В этот момент я почувствовала, что конечно. Что действительно – беда. Кончено.
А потом опять робкая надежда – ведь нельзя. Невозможно! Невообразимо!
За несколько дней почти все наши уехали в город. Должны были вернуться вместе в субботу к нам. Нам предстояли очень важные разговоры, может быть, решения…
Но утром в субботу явилась Т.[12] – одна. «Я за вами. Поедемте в город сегодня». – «Зачем?» – «Громадные события, война. Надо быть всем вместе». – «Тем более, отчего же вы не приехали все?» – «Нет, надо быть со всеми, народ ходит с флагами, подъем патриотизма…»
В эту минуту – уже помимо моей воли – решилась моя позиция, мое отношение к событиям. То есть коренное. Быть с несчастной, не понимающей происходящего, толпой, заражаться ее «патриотическими» хождениями по улицам, где еще не убраны трамваи, которые она громила в другом, столь же неосмысленном «подъеме»? Быть щепкой в потоке событий?
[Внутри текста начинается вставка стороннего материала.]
theorem theorem3:
  fixes G :: "('n::finite \<Rightarrow> 'n) set" and t :: nat
  assumes "subgroup G (BijGroup (UNIV :: 'n set))"
    and "t \<ge> 2"
  shows "ehrhart (perm_polytope (wreath_S2 G)) t =
           (\<Sum>k = 0..t. (ehrhart (perm_polytope G) k)\<^sup>2 * (ehrhart (perm_polytope G) (t - k))\<^sup>2)"
proof -
  let ?L = "lattice_points (perm_polytope G)"
  let ?S = "\<lambda>k. (?L k \<times> ?L k) \<times> (?L (t - k) \<times> ?L (t - k))"
  have G: "G \<noteq> {}"
    using subgroup.one_closed[OF assms(1)] by blast
  have t: "0 < t"
    using assms(2) by simp
  have finite_S: "finite (?S k)" for k
    by (simp add: finite_lattice_points_perm_polytope)
  have disjoint_S: "?S k \<inter> ?S k' = {}" if "k \<noteq> k'" for k k'
    using disjoint_lattice_points_perm_polytope[OF that, of G] by blast
  have "ehrhart (perm_polytope (wreath_S2 G)) t =
      card ((\<lambda>((A1, A2), B1, B2). block_mat A1 B1 B2 A2) ` (\<Union>k\<in>{0..t}. ?S k))"
    unfolding ehrhart_eq_card_lattice_points lattice_points_wreath_S2[OF G t] ..
  also have "\<dots> = card (\<Union>k\<in>{0..t}. ?S k)"
    by (intro card_image inj_onI) (auto simp: block_mat_eq_iff)
  also have "\<dots> = (\<Sum>k = 0..t. card (?S k))"
    by (rule card_UN_disjoint) (auto intro: finite_S dest: disjoint_S)
  also have "\<dots> = (\<Sum>k = 0..t. (ehrhart (perm_polytope G) k)\<^sup>2 * (ehrhart (perm_polytope G) (t - k))\<^sup>2)"
    by (simp add: ehrhart_eq_card_lattice_points card_cartesian_product power2_eq_square)
  finally show ?thesis .
qed

end
lemma nu_finite:
  assumes "0 < \<rho>"
  shows "\<nu> \<rho> < \<infinity>"
proof (rule ccontr)
  assume "\<not> ?thesis"
  then have inf: "\<nu> \<rho> = \<infinity>"
    by (simp add: less_top[symmetric])
  obtain p :: 'a where p: "\<And>x. x \<in> ball p (\<rho>/4) \<Longrightarrow> \<rho>/4 < norm x \<and> norm x < \<rho>"
    and pos: "0 < emeasure lborel (ball p (\<rho>/4))"
    using ball_in_annulus[OF assms] by blast
  have "\<infinity> = (\<integral>\<^sup>+ x. \<infinity> * indicator (ball p (\<rho>/4)) x \<partial>lborel)"
    using pos by (subst nn_integral_cmult_indicator) (auto simp: ennreal_top_mult)
  also have "\<dots> \<le> (\<integral>\<^sup>+ x. ennreal (min 1 (norm (x::'a)^2)) * \<nu> (norm x) \<partial>lborel)"
  proof (intro nn_integral_mono)
    fix x :: 'a
    show "\<infinity> * indicator (ball p (\<rho>/4)) x \<le> ennreal (min 1 (norm x^2)) * \<nu> (norm x)"
    proof (cases "x \<in> ball p (\<rho>/4)")
      case True
      with p have x: "\<rho>/4 < norm x" "norm x < \<rho>"
        by auto
      then have "\<nu> (norm x) = \<infinity>"
        using nu_mono[of "norm x" \<rho>] inf by (simp add: top_unique)
      moreover have "0 < norm x"
        using x assms by linarith
      then have "ennreal (min 1 (norm x^2)) \<noteq> 0"
        by (simp add: min_def)
      ultimately show ?thesis
        by (simp add: ennreal_mult_top del: ennreal_eq_0_iff)
    qed simp
  qed
  finally show False
    using nu_int by simp
qed

lemma h_integrand_diff:
  assumes "0 < s" "s \<le> r" "norm x \<le> s"
  shows "h_integrand r x + ennreal (norm x^2 * (1/s^2 - 1/r^2)) * \<nu> (norm x) = h_integrand s x"
proof -
  have "norm x^2 \<le> s^2" "s^2 \<le> r^2" "norm x^2 / r^2 \<le> norm x^2 / s^2"
    using assms by (auto intro: power_mono divide_left_mono)
  then have "min 1 (norm x^2 / s^2) = norm x^2 / r^2 + norm x^2 * (1/s^2 - 1/r^2)"
    "min 1 (norm x^2 / r^2) = norm x^2 / r^2" "0 \<le> norm x^2 * (1/s^2 - 1/r^2)"
    using assms by (simp_all add: algebra_simps)
  then show ?thesis
    unfolding h_integrand_def by (simp add: ennreal_plus[symmetric] distrib_right[symmetric] del: ennreal_plus)
qed
lemma nonneg_exponent_if_powi_bounded:
  fixes m :: int and C \<eta> B :: real
  assumes "C > 0" and "\<eta> > 0" and bounded: "\<And>t. 0 < t \<Longrightarrow> t \<le> \<eta> \<Longrightarrow> C * t powi m \<le> B"
  shows "m \<ge> 0"
proof (rule ccontr)
  assume "\<not> m \<ge> 0"
  have "0 < C * \<eta> powi m" using assms(1,2) by (intro mult_pos_pos zero_less_power_int)
  also have "\<dots> \<le> B" using bounded[OF assms(2)] by simp
  finally have "B > 0" .
  define t where "t = min (min \<eta> 1) (C / (B + 1))"
  have t: "0 < t" "t \<le> \<eta>" "t \<le> 1" "t \<le> C / (B + 1)"
    using assms(1,2) \<open>B > 0\<close> by (auto simp: t_def)
  have "B + 1 \<le> C / t"
    using t \<open>B > 0\<close> assms(1) by (simp add: field_simps)
  also have "C / t = C * t powi (-1)" by (simp add: power_int_minus divide_inverse)
  also have "\<dots> \<le> C * t powi m"
    using t assms(1) \<open>\<not> m \<ge> 0\<close> by (intro mult_left_mono power_int_decreasing) auto
  also have "\<dots> \<le> B" using bounded[OF t(1,2)] .
  finally show False by simp
qed

lemma ccoef_sq_nonneg: "ccoef_sq \<Omega> \<omega> \<alpha> \<ge> 0"
  by (simp add: ccoef_sq_def)

definition kernel_support :: "(complex^'n) set \<Rightarrow> (complex^'n \<Rightarrow> real) \<Rightarrow> ('n \<Rightarrow> int) set" where
  "kernel_support \<Omega> \<omega> = {\<alpha> \<in> Lambda \<Omega> \<omega>. ccoef_sq \<Omega> \<omega> \<alpha> \<noteq> 0}"

lemma mono_of_real: "mono (\<chi> j. complex_of_real (r j)) \<alpha> = of_real (\<Prod>j\<in>UNIV. r j powi \<alpha> j)"
  by (simp add: mono_def)

lemma mono_polar:
  "mono (\<chi> j. of_real (r$j) * exp (\<i> * of_real (\<theta>$j))) \<alpha>
     = of_real (\<Prod>j\<in>UNIV. r$j powi \<alpha> j) * exp (\<i> * of_real (\<Sum>j\<in>UNIV. of_int (\<alpha> j) * \<theta>$j))"
proof -
  have "\<i> * of_real (\<Sum>j\<in>UNIV. of_int (\<alpha> j) * \<theta>$j) = (\<Sum>j\<in>UNIV. of_int (\<alpha> j) * (\<i> * of_real (\<theta>$j)))"
    by (simp add: sum_distrib_left mult_ac)
  then show ?thesis
    by (simp add: mono_def power_int_mult_distrib prod.distrib exp_sum exp_power_int)
qed

lemma polar_decomposition_vec: "(\<chi> j. of_real (norm (z$j)) * exp (\<i> * of_real (Arg (z$j)))) = z"
proof -
  have "of_real (norm c) * exp (\<i> * of_real (Arg c)) = c" for c :: complex
    by (cases "c = 0") (use Arg_eq[of c] in auto)
  then show ?thesis by (simp add: vec_eq_iff)
qed

lemma induced_by_has_sum:
  assumes "induced_by \<Omega> \<omega> g uh" and "z \<in> \<Omega>"
  shows "((\<lambda>\<alpha>. of_real (ccoef_sq \<Omega> \<omega> \<alpha>) * uh \<alpha> * mono z \<alpha>) has_sum g z) (kernel_support \<Omega> \<omega>)"
proof -
  define r where "r = (\<chi> j. norm (z$j))"
  define \<theta> where "\<theta> = (\<chi> j. Arg (z$j))"
  have "r \<in> shadow \<Omega>" using assms(2) by (auto simp: shadow_def r_def)
  then have "((\<lambda>\<alpha>. of_real (ccoef_sq \<Omega> \<omega> \<alpha>) * of_real (\<Prod>j\<in>UNIV. r$j powi \<alpha> j) * uh \<alpha>
        * exp (\<i> * of_real (\<Sum>j\<in>UNIV. of_int (\<alpha> j) * \<theta>$j)))
      has_sum g (\<chi> j. of_real (r$j) * exp (\<i> * of_real (\<theta>$j)))) (Lambda \<Omega> \<omega>)"
    using assms(1) unfolding induced_by_def by blast
  moreover have "(\<chi> j. of_real (r$j) * exp (\<i> * of_real (\<theta>$j))) = z"
    unfolding r_def \<theta>_def by (simp add: polar_decomposition_vec)
  ultimately have "((\<lambda>\<alpha>. of_real (ccoef_sq \<Omega> \<omega> \<alpha>) * uh \<alpha> * mono z \<alpha>) has_sum g z) (Lambda \<Omega> \<omega>)"
    using mono_polar[of r \<theta>] by (simp add: mult_ac)
  then show ?thesis
    by (rule has_sum_cong_neutral[THEN iffD1, rotated -1]) (auto simp: kernel_support_def)
qed

lemma feasible_kernel_abs_summable:
  assumes "feasible \<Omega> \<omega>" and "w \<in> \<Omega>"
  shows "(\<lambda>\<alpha>. ccoef_sq \<Omega> \<omega> \<alpha> * (\<Prod>j\<in>UNIV. norm (w$j) powi \<alpha> j)) summable_on Lambda \<Omega> \<omega>"
proof -
  obtain F where "((\<lambda>\<alpha>. of_real (ccoef_sq \<Omega> \<omega> \<alpha>) * mono w \<alpha>) has_sum F) (Lambda \<Omega> \<omega>)"
    using assms unfolding feasible_def by blast
  then have "(\<lambda>\<alpha>. norm (of_real (ccoef_sq \<Omega> \<omega> \<alpha>) * mono w \<alpha>)) summable_on Lambda \<Omega> \<omega>"
    by (rule summable_on_iff_abs_summable_on_complex[THEN iffD1, OF has_sum_imp_summable])
  then show ?thesis
    by (simp add: norm_mult mono_def norm_power_int ccoef_sq_nonneg flip: prod_norm)
qed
Я, и не имею права сама одуматься, для себя осмыслить, что происходит? Зачем же столько лет мы искали сознания и открытых глаз на жизнь?
Нет, нет! Лучше, в эти первые секунды, – молчание, покров на голову, тишина.
Но все уже сошли с ума. Двинулась Сонина семья с детьми и старой теткой Олей. Неистовствовал Вася-депутат.
И мы поехали сюда, в Петербург. На автомобиле.
Неслыханная тяжесть. И внутреннее оглушение. Разрыв между внутренним и внешним. Надо разбираться параллельно. И тихо.
Присоединение Англии обрадовало невольно. «Она» будет короче…
Сейчас Европа в пламенном кольце. Россия, Франция, Бельгия и Англия – против Германии и Австрии…
И это только пока. Нет, «она» не будет короткой. Напрасно надеются…
Смотрю на эти строки, написанные моей рукой, – и точно я с ума сошла. Мировая война!
Сейчас главный бой на западе. Наша мобилизация еще не закончена. Но уже миллионы двинуты к границам. Всякие сообщения с миром прерваны.
Никто не понимает, что такое война, – во-первых. И для нас, для России, – во-вторых. И я еще не понимаю. Но я чую здесь ужас беспримерный.
2 августа
Одно, что имеет смысл записывать, – мелочи. Крупное запишут без нас.
А мелочи – тихие, притайные, все непонятные. Потому что в корне-то лежит Громадное Безумие.
Все растерялись, все «мы», интеллигентные словесники. Помолчать бы, – но половина физиологически заразилась бессмысленным воинственным патриотизмом, как будто мы «тоже» Европа, как будто мы смеем (по совести) быть патриотами просто… Любить Россию, если действительно, – то нельзя, как Англию любит англичанин. Тяжкий молот наша любовь… настоящая.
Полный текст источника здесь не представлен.